What lines of the data below hold the string "induction"? Copy each one out.

== Task material ==

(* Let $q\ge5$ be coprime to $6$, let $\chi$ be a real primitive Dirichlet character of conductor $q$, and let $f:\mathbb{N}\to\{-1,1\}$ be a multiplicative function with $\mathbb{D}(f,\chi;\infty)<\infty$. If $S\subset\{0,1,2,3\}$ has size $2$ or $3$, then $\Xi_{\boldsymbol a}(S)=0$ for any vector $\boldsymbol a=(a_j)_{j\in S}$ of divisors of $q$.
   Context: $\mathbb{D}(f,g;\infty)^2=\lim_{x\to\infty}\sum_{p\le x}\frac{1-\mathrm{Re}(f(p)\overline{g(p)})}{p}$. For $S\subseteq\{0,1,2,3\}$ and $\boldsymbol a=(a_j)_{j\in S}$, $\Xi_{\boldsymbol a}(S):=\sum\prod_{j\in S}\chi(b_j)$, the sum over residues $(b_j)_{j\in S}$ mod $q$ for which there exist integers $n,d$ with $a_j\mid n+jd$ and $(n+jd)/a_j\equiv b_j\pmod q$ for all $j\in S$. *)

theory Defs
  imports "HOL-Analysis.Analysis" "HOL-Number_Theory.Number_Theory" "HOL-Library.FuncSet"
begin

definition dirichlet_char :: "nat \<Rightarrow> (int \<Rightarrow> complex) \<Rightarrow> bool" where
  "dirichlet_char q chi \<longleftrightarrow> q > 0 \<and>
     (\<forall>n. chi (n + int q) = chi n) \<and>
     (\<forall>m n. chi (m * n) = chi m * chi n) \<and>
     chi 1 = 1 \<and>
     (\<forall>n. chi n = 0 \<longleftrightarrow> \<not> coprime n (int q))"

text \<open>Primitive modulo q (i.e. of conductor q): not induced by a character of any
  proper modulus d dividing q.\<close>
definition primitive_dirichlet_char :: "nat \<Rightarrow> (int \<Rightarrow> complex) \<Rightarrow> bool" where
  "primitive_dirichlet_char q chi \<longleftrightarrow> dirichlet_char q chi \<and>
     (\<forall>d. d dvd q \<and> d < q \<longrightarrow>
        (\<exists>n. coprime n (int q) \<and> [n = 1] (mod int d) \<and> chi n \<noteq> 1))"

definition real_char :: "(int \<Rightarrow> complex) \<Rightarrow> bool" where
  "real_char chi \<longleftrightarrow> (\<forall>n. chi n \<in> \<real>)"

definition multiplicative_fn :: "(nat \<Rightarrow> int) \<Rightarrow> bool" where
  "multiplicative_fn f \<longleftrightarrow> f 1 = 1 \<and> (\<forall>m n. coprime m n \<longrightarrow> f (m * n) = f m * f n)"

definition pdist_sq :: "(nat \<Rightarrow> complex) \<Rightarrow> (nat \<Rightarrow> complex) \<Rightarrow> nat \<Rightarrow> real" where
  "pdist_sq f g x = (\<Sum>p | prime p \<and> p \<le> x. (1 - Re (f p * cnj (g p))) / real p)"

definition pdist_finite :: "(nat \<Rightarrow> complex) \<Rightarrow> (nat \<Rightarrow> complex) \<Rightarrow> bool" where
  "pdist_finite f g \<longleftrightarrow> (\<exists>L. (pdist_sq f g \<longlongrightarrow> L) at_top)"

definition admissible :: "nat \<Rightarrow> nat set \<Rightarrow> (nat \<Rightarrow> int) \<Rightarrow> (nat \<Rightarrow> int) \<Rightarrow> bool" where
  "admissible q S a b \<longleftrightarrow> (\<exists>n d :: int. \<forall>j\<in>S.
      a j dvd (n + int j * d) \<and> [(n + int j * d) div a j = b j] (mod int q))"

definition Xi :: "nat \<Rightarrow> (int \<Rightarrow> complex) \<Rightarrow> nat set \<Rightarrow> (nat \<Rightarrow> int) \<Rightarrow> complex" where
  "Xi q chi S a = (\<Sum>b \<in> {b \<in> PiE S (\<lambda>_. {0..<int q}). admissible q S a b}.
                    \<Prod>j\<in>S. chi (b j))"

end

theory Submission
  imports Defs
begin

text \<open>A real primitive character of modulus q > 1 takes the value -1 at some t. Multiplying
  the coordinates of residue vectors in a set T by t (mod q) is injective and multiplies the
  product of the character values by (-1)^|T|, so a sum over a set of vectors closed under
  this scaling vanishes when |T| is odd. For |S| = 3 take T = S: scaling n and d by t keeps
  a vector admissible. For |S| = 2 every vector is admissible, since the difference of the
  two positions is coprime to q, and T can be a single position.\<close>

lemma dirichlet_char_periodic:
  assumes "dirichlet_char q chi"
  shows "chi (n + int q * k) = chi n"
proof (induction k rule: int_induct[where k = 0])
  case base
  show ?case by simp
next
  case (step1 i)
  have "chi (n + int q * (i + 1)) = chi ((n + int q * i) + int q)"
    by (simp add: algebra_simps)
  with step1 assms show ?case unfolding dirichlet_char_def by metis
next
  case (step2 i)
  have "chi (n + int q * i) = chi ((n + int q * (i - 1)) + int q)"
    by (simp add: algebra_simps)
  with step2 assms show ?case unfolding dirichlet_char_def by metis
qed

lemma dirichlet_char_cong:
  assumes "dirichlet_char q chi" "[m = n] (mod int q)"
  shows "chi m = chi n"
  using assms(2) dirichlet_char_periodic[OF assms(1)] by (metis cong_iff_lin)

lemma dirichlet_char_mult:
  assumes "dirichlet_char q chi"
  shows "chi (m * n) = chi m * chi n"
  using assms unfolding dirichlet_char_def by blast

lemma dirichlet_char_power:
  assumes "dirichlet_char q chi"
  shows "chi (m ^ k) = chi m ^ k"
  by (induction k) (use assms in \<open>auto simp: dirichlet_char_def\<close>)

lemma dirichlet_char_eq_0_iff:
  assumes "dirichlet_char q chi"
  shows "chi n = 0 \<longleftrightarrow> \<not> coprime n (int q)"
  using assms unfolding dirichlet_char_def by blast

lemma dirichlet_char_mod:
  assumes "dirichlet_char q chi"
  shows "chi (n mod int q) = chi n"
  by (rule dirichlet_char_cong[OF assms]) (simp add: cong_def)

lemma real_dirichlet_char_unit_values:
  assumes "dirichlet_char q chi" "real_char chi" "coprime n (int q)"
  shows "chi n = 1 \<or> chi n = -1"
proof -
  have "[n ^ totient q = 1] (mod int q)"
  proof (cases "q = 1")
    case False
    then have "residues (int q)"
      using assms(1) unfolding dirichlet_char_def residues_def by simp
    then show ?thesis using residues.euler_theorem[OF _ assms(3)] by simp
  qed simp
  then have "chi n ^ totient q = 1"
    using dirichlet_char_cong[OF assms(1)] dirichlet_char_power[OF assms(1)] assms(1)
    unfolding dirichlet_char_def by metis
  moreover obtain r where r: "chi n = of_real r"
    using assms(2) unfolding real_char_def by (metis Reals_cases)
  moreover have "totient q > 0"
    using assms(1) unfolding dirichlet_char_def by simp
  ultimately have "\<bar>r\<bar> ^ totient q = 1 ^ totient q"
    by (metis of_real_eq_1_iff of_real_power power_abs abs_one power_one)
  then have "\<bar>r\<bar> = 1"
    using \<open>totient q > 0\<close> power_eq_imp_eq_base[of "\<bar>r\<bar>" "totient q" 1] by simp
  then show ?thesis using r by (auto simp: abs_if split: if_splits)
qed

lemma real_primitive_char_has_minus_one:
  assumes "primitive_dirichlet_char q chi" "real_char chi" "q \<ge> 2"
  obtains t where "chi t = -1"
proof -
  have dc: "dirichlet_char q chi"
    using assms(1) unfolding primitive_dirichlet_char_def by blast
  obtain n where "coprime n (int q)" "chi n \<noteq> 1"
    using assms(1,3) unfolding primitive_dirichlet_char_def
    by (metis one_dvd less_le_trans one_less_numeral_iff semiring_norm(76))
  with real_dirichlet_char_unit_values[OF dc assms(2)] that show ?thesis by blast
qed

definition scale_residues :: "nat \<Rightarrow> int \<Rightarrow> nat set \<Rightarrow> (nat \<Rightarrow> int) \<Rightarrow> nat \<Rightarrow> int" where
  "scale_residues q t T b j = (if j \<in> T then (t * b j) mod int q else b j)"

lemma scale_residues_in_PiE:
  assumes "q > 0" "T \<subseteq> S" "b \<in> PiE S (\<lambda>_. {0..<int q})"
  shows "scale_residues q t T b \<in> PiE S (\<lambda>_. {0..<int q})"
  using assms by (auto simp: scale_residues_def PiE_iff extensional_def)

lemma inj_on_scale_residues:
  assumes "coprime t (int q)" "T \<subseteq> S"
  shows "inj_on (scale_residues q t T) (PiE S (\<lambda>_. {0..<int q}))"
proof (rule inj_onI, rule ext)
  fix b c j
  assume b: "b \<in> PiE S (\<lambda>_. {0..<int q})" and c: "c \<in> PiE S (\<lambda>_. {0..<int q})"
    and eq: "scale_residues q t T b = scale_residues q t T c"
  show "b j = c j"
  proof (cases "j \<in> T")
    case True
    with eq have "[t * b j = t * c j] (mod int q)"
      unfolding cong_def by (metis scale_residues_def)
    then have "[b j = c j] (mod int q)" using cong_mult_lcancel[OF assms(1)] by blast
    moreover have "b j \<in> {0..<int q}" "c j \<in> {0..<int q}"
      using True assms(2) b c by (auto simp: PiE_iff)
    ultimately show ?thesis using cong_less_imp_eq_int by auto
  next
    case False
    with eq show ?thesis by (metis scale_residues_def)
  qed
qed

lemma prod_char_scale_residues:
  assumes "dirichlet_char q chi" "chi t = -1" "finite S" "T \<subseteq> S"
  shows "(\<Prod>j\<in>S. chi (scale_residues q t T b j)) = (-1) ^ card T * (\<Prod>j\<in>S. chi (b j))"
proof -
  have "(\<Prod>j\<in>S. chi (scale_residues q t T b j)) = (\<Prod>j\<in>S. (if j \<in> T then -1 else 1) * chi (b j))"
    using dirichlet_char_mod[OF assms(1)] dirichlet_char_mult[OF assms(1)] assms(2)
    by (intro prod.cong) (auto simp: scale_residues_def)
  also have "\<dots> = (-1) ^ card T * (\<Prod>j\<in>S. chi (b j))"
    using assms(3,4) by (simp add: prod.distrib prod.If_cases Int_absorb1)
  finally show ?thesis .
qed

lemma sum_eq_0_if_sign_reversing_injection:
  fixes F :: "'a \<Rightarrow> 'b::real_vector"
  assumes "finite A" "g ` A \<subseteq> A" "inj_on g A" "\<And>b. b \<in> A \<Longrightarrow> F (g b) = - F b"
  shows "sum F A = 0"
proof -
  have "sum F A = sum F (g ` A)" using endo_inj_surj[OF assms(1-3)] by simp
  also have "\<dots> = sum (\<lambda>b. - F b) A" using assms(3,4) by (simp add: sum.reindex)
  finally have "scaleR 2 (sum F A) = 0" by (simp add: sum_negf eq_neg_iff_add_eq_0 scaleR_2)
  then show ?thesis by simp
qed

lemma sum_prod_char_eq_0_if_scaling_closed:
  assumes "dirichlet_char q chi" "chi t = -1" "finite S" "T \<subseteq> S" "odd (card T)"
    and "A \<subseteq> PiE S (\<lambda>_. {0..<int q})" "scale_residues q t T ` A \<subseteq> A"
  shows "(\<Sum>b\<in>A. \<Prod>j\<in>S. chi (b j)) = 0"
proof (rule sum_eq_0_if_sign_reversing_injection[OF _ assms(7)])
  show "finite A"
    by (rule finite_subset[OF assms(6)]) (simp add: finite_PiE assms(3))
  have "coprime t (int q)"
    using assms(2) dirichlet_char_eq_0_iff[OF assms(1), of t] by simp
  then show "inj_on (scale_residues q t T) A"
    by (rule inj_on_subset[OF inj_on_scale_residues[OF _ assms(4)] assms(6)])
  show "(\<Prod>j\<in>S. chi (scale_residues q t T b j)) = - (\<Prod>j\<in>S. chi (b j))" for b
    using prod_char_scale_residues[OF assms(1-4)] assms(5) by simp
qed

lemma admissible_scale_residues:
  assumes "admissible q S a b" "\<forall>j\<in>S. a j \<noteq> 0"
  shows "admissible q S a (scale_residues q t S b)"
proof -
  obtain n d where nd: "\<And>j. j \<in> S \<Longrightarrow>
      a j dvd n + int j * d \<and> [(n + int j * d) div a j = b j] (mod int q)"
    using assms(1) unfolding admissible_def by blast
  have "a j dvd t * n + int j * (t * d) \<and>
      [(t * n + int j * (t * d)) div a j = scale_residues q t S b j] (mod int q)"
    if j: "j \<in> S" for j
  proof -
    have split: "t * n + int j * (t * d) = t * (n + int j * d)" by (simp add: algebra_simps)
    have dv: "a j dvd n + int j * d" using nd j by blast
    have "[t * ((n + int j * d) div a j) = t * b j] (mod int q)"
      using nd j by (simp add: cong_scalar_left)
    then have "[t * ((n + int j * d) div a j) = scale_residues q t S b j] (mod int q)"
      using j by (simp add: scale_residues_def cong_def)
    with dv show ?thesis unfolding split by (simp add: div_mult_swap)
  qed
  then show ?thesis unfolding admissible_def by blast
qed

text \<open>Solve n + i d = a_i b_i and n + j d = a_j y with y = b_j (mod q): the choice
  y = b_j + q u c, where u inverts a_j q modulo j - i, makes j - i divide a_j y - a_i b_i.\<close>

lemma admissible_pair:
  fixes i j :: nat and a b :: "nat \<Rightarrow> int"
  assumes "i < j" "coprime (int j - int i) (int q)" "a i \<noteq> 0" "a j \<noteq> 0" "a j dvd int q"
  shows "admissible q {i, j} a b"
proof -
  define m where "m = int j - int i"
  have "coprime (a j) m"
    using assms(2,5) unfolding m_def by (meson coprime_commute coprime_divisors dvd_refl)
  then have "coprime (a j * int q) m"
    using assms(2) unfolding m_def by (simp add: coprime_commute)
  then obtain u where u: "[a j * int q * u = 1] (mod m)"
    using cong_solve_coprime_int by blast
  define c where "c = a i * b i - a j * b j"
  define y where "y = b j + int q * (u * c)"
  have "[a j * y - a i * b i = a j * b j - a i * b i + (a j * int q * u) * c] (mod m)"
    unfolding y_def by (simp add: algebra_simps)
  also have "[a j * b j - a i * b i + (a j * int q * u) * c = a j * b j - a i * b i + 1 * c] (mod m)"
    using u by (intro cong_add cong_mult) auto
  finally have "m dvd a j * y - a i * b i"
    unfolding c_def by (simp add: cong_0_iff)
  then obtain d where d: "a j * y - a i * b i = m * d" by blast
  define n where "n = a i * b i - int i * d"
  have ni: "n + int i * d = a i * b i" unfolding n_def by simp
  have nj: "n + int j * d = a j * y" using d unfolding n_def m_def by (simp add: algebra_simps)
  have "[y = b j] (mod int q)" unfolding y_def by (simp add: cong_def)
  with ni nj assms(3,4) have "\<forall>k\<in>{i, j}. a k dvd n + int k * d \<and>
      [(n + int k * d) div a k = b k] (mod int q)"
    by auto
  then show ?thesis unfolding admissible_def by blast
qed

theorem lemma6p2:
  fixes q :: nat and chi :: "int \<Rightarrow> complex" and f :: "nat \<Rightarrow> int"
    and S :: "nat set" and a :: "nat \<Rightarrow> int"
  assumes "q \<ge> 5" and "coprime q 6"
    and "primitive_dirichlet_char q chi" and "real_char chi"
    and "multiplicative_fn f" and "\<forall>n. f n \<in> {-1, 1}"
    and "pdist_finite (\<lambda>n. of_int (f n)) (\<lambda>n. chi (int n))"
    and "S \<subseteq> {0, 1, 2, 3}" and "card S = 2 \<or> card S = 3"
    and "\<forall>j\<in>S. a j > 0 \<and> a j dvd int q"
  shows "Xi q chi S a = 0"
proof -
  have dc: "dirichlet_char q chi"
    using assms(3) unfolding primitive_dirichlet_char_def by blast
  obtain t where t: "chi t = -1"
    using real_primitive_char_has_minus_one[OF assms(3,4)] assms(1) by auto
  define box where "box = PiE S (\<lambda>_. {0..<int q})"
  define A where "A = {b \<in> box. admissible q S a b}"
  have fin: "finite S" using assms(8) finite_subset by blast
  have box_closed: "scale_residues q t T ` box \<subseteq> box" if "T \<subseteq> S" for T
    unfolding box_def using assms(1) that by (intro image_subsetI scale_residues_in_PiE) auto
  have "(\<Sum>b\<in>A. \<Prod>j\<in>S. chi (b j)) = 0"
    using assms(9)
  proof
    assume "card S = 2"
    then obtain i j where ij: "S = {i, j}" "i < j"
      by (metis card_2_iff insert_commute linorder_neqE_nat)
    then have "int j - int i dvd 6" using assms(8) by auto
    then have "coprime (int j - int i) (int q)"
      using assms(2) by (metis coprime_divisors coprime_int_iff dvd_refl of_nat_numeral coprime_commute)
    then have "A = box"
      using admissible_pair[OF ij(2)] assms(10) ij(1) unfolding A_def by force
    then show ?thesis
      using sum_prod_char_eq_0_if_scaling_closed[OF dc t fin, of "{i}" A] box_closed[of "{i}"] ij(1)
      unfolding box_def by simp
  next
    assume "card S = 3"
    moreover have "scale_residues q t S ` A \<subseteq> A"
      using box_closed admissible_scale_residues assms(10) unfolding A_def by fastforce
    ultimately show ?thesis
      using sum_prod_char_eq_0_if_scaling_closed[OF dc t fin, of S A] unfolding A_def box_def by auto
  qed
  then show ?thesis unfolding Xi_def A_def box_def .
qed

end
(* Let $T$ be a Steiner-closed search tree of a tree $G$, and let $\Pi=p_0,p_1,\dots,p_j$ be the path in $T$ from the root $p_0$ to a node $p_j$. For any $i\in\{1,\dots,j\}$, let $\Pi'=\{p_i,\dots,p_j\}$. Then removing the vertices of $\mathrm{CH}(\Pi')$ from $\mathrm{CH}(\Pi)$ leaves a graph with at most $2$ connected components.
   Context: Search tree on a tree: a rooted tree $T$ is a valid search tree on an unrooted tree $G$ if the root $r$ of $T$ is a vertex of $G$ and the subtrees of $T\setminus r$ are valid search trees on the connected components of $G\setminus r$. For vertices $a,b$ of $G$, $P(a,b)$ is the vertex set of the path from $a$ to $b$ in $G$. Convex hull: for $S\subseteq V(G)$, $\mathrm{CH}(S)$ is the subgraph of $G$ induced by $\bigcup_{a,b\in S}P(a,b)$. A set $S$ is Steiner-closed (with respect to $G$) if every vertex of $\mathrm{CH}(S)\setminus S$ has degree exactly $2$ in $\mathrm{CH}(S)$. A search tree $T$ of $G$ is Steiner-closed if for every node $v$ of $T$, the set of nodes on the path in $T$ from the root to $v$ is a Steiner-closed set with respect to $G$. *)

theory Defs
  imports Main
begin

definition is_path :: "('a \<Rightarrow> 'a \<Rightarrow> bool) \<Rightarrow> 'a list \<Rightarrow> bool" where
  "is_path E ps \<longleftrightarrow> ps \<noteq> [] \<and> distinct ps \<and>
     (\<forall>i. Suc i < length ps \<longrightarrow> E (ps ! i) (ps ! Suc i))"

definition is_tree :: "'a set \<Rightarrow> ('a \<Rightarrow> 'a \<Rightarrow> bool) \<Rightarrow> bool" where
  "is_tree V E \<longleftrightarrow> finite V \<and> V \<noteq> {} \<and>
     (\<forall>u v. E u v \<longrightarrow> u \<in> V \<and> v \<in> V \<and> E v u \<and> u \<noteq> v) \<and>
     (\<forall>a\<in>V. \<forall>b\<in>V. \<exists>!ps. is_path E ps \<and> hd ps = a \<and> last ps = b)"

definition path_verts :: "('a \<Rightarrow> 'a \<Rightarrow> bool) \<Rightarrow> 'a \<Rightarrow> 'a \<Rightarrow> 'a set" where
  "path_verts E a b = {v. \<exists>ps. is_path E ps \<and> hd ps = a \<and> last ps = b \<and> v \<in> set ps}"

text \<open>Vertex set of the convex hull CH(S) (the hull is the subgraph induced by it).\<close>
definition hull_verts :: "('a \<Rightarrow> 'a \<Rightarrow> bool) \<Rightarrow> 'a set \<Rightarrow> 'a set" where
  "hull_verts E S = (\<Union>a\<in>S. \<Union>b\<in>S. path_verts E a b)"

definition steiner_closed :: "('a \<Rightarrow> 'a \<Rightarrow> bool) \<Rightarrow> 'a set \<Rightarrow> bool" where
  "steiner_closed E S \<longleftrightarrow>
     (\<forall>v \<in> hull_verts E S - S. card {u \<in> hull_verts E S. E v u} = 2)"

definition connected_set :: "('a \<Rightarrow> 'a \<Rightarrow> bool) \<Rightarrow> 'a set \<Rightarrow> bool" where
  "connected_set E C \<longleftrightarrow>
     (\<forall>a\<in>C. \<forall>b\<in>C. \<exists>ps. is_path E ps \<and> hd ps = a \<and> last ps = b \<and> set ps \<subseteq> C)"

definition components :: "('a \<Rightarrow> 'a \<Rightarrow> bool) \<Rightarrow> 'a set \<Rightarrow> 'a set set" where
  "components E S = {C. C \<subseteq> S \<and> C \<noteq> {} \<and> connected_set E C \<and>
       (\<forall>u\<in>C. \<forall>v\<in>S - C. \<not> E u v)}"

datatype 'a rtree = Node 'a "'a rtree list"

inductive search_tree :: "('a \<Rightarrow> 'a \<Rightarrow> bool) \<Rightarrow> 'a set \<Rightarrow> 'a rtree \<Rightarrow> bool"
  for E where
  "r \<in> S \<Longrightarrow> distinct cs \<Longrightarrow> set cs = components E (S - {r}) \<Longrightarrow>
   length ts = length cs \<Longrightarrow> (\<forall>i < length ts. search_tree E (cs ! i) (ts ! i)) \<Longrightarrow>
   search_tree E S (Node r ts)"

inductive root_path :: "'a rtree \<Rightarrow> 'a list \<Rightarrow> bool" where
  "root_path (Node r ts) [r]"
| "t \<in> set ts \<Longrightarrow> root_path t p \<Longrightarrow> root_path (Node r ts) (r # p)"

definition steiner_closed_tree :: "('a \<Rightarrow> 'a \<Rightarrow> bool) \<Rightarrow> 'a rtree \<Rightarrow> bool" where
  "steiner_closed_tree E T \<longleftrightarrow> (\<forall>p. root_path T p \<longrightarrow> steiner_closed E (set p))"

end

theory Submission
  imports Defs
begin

===

● **Answer below**:
proof (induction k rule: int_induct[where k = 0])
  by (induction k) (use assms in \<open>auto simp: dirichlet_char_def\<close>)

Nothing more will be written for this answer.